## DIRECTIONS FOR THIS TASK
Every entry must be given again exactly as it is written.

## Saved entries

►

lemma asymp_unif_integrable_if_condition_W:
  assumes W: "condition_W (\<lambda>n. map_pmf (Z n) (P n))"
    and nonneg: "\<And>n w. w \<in> set_pmf (P n) \<Longrightarrow> 0 \<le> Z n w"
  shows "asymp_unif_integrable P Z"
proof -
  have nonneg': "\<And>n z. z \<in> set_pmf (map_pmf (Z n) (P n)) \<Longrightarrow> 0 \<le> z"
    using nonneg by auto
  show ?thesis
    unfolding asymp_unif_integrable_def
  proof (intro conjI allI impI)
    have "\<exists>M\<ge>0. \<forall>n\<ge>1. (\<integral>\<^sup>+z. ennreal \<bar>z\<bar> \<partial>map_pmf (Z n) (P n)) \<le> ennreal M"
      using W nonneg' by (rule condition_W_nn_integral_bounded)
    then obtain M where "\<forall>n\<ge>1. (\<integral>\<^sup>+w. ennreal \<bar>Z n w\<bar> \<partial>P n) \<le> ennreal M"
      by auto
    then show "\<exists>M<\<infinity>. \<forall>n\<ge>1. (\<integral>\<^sup>+w. ennreal \<bar>Z n w\<bar> \<partial>P n) \<le> M"
      by (intro exI[of _ "ennreal M"]) auto
  next
    fix E assume E: "(\<lambda>n. measure (P n) (E n)) \<longlonglongrightarrow> 0"
    \<comment> \<open>Truncate at a level K n that grows to infinity, but slowly enough that K n times the
      probability of E n still vanishes.\<close>
    define q where "q n = measure (P n) (E n) + inverse (real (Suc n))" for n
    define K where "K n = inverse (sqrt (q n))" for n
    have q_pos: "0 < q n" for n
      unfolding q_def by (simp add: add_nonneg_pos)
    have "q \<longlonglongrightarrow> 0"
      unfolding q_def using tendsto_add[OF E LIMSEQ_inverse_real_of_nat] by simp
    then have sqrt_q: "(\<lambda>n. sqrt (q n)) \<longlonglongrightarrow> 0"
      using tendsto_real_sqrt by fastforce
    then have "filterlim K at_top sequentially"
      unfolding K_def using q_pos by (intro filterlim_inverse_at_top) auto
    with W nonneg' have "(\<lambda>n. \<integral>\<^sup>+z\<in>{z. K n < z}. ennreal \<bar>z\<bar> \<partial>map_pmf (Z n) (P n)) \<longlonglongrightarrow> 0"
      by (rule condition_W_tail_tendsto_0)
    then have tail: "(\<lambda>n. \<integral>\<^sup>+w. ennreal \<bar>Z n w\<bar> * indicator {z. K n < z} (Z n w) \<partial>P n) \<longlonglongrightarrow> 0"
      by simp
    have bound: "(\<integral>\<^sup>+w\<in>E n. ennreal \<bar>Z n w\<bar> \<partial>P n)
        \<le> ennreal (sqrt (q n)) + (\<integral>\<^sup>+w. ennreal \<bar>Z n w\<bar> * indicator {z. K n < z} (Z n w) \<partial>P n)" for n
    proof -
      have "(\<integral>\<^sup>+w\<in>E n. ennreal \<bar>Z n w\<bar> \<partial>P n)
          \<le> (\<integral>\<^sup>+w. ennreal (K n) * indicator (E n) w + ennreal \<bar>Z n w\<bar> * indicator {z. K n < z} (Z n w) \<partial>P n)"
      proof (intro nn_integral_mono_AE AE_pmfI)
        fix w assume "w \<in> set_pmf (P n)"
        then have "\<bar>Z n w\<bar> \<le> K n" if "\<not> K n < Z n w"
          using nonneg that by fastforce
        then show "ennreal \<bar>Z n w\<bar> * indicator (E n) w
            \<le> ennreal (K n) * indicator (E n) w + ennreal \<bar>Z n w\<bar> * indicator {z. K n < z} (Z n w)"
        proof (cases "w \<in> E n"; cases "K n < Z n w")
          assume "w \<in> E n" "K n < Z n w"
          then show ?thesis by (simp add: add_increasing)
        qed (auto intro: ennreal_leI)
      qed
      also have "\<dots> = ennreal (K n * measure (P n) (E n)) + (\<integral>\<^sup>+w. ennreal \<bar>Z n w\<bar> * indicator {z. K n < z} (Z n w) \<partial>P n)"
        using q_pos[of n]
        by (simp add: nn_integral_add nn_integral_cmult_indicator K_def measure_pmf.emeasure_eq_measure ennreal_mult)
      also have "K n * measure (P n) (E n) \<le> sqrt (q n)"
      proof -
        have "K n * measure (P n) (E n) \<le> K n * q n"
          using q_pos[of n] unfolding K_def q_def by (intro mult_left_mono) auto
        also have "\<dots> = sqrt (q n)"
          using q_pos[of n] unfolding K_def by (simp add: real_div_sqrt divide_inverse_commute[symmetric])
        finally show ?thesis .
      qed
      finally show ?thesis by (simp add: add_right_mono ennreal_leI)
    qed
    have "(\<lambda>n. ennreal (sqrt (q n)) + (\<integral>\<^sup>+w. ennreal \<bar>Z n w\<bar> * indicator {z. K n < z} (Z n w) \<partial>P n)) \<longlonglongrightarrow> ennreal 0 + 0"
      using sqrt_q tail by (intro tendsto_add tendsto_ennrealI)
    then have upper: "(\<lambda>n. ennreal (sqrt (q n)) + (\<integral>\<^sup>+w. ennreal \<bar>Z n w\<bar> * indicator {z. K n < z} (Z n w) \<partial>P n)) \<longlonglongrightarrow> 0"
      by simp
    show "(\<lambda>n. \<integral>\<^sup>+w\<in>E n. ennreal \<bar>Z n w\<bar> \<partial>P n) \<longlonglongrightarrow> 0"
      by (rule tendsto_sandwich[OF _ _ tendsto_const upper]) (simp_all add: bound)
  qed
qed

◄

## OUTPUT OF THE TASK
lemma asymp_unif_integrable_if_condition_W:
  assumes W: "condition_W (\<lambda>n. map_pmf (Z n) (P n))"
    and nonneg: "\<And>n w. w \<in> set_pmf (P n) \<Longrightarrow> 0 \<le> Z n w"
  shows "asymp_unif_integrable P Z"
proof -
  have nonneg': "\<And>n z. z \<in> set_pmf (map_pmf (Z n) (P n)) \<Longrightarrow> 0 \<le> z"
    using nonneg by auto
  show ?thesis
    unfolding asymp_unif_integrable_def
  proof (intro conjI allI impI)
    have "\<exists>M\<ge>0. \<forall>n\<ge>1. (\<integral>\<^sup>+z. ennreal \<bar>z\<bar> \<partial>map_pmf (Z n) (P n)) \<le> ennreal M"
      using W nonneg' by (rule condition_W_nn_integral_bounded)
    then obtain M where "\<forall>n\<ge>1. (\<integral>\<^sup>+w. ennreal \<bar>Z n w\<bar> \<partial>P n) \<le> ennreal M"
      by auto
    then show "\<exists>M<\<infinity>. \<forall>n\<ge>1. (\<integral>\<^sup>+w. ennreal \<bar>Z n w\<bar> \<partial>P n) \<le> M"
      by (intro exI[of _ "ennreal M"]) auto
  next
    fix E assume E: "(\<lambda>n. measure (P n) (E n)) \<longlonglongrightarrow> 0"
    \<comment> \<open>Truncate at a level K n that grows to infinity, but slowly enough that K n times the
      probability of E n still vanishes.\<close>
    define q where "q n = measure (P n) (E n) + inverse (real (Suc n))" for n
    define K where "K n = inverse (sqrt (q n))" for n
    have q_pos: "0 < q n" for n
      unfolding q_def by (simp add: add_nonneg_pos)
    have "q \<longlonglongrightarrow> 0"
      unfolding q_def using tendsto_add[OF E LIMSEQ_inverse_real_of_nat] by simp
    then have sqrt_q: "(\<lambda>n. sqrt (q n)) \<longlonglongrightarrow> 0"
      using tendsto_real_sqrt by fastforce
    then have "filterlim K at_top sequentially"
      unfolding K_def using q_pos by (intro filterlim_inverse_at_top) auto
    with W nonneg' have "(\<lambda>n. \<integral>\<^sup>+z\<in>{z. K n < z}. ennreal \<bar>z\<bar> \<partial>map_pmf (Z n) (P n)) \<longlonglongrightarrow> 0"
      by (rule condition_W_tail_tendsto_0)
    then have tail: "(\<lambda>n. \<integral>\<^sup>+w. ennreal \<bar>Z n w\<bar> * indicator {z. K n < z} (Z n w) \<partial>P n) \<longlonglongrightarrow> 0"
      by simp
    have bound: "(\<integral>\<^sup>+w\<in>E n. ennreal \<bar>Z n w\<bar> \<partial>P n)
        \<le> ennreal (sqrt (q n)) + (\<integral>\<^sup>+w. ennreal \<bar>Z n w\<bar> * indicator {z. K n < z} (Z n w) \<partial>P n)" for n
    proof -
      have "(\<integral>\<^sup>+w\<in>E n. ennreal \<bar>Z n w\<bar> \<partial>P n)
          \<le> (\<integral>\<^sup>+w. ennreal (K n) * indicator (E n) w + ennreal \<bar>Z n w\<bar> * indicator {z. K n < z} (Z n w) \<partial>P n)"
      proof (intro nn_integral_mono_AE AE_pmfI)
        fix w assume "w \<in> set_pmf (P n)"
        then have "\<bar>Z n w\<bar> \<le> K n" if "\<not> K n < Z n w"
          using nonneg that by fastforce
        then show "ennreal \<bar>Z n w\<bar> * indicator (E n) w
            \<le> ennreal (K n) * indicator (E n) w + ennreal \<bar>Z n w\<bar> * indicator {z. K n < z} (Z n w)"
        proof (cases "w \<in> E n"; cases "K n < Z n w")
          assume "w \<in> E n" "K n < Z n w"
          then show ?thesis by (simp add: add_increasing)
        qed (auto intro: ennreal_leI)
      qed
      also have "\<dots> = ennreal (K n * measure (P n) (E n)) + (\<integral>\<^sup>+w. ennreal \<bar>Z n w\<bar> * indicator {z. K n < z} (Z n w) \<partial>P n)"
        using q_pos[of n]
        by (simp add: nn_integral_add nn_integral_cmult_indicator K_def measure_pmf.emeasure_eq_measure ennreal_mult)
      also have "K n * measure (P n) (E n) \<le> sqrt (q n)"
      proof -
        have "K n * measure (P n) (E n) \<le> K n * q n"
          using q_pos[of n] unfolding K_def q_def by (intro mult_left_mono) auto
        also have "\<dots> = sqrt (q n)"
          using q_pos[of n] unfolding K_def by (simp add: real_div_sqrt divide_inverse_commute[symmetric])
        finally show ?thesis .
      qed
      finally show ?thesis by (simp add: add_right_mono ennreal_leI)
    qed
    have "(\<lambda>n. ennreal (sqrt (q n)) + (\<integral>\<^sup>+w. ennreal \<bar>Z n w\<bar> * indicator {z. K n < z} (Z n w) \<partial>P n)) \<longlonglongrightarrow> ennreal 0 + 0"
      using sqrt_q tail by (intro tendsto_add tendsto_ennrealI)
    then have upper: "(\<lambda>n. ennreal (sqrt (q n)) + (\<integral>\<^sup>+w. ennreal \<bar>Z n w\<bar> * indicator {z. K n < z} (Z n w) \<partial>P n)) \<longlonglongrightarrow> 0"
      by simp
    show "(\<lambda>n. \<integral>\<^sup>+w\<in>E n. ennreal \<bar>Z n w\<bar> \<partial>P n) \<longlonglongrightarrow> 0"
      by (rule tendsto_sandwich[OF _ _ tendsto_const upper]) (simp_all add: bound)
  qed
qed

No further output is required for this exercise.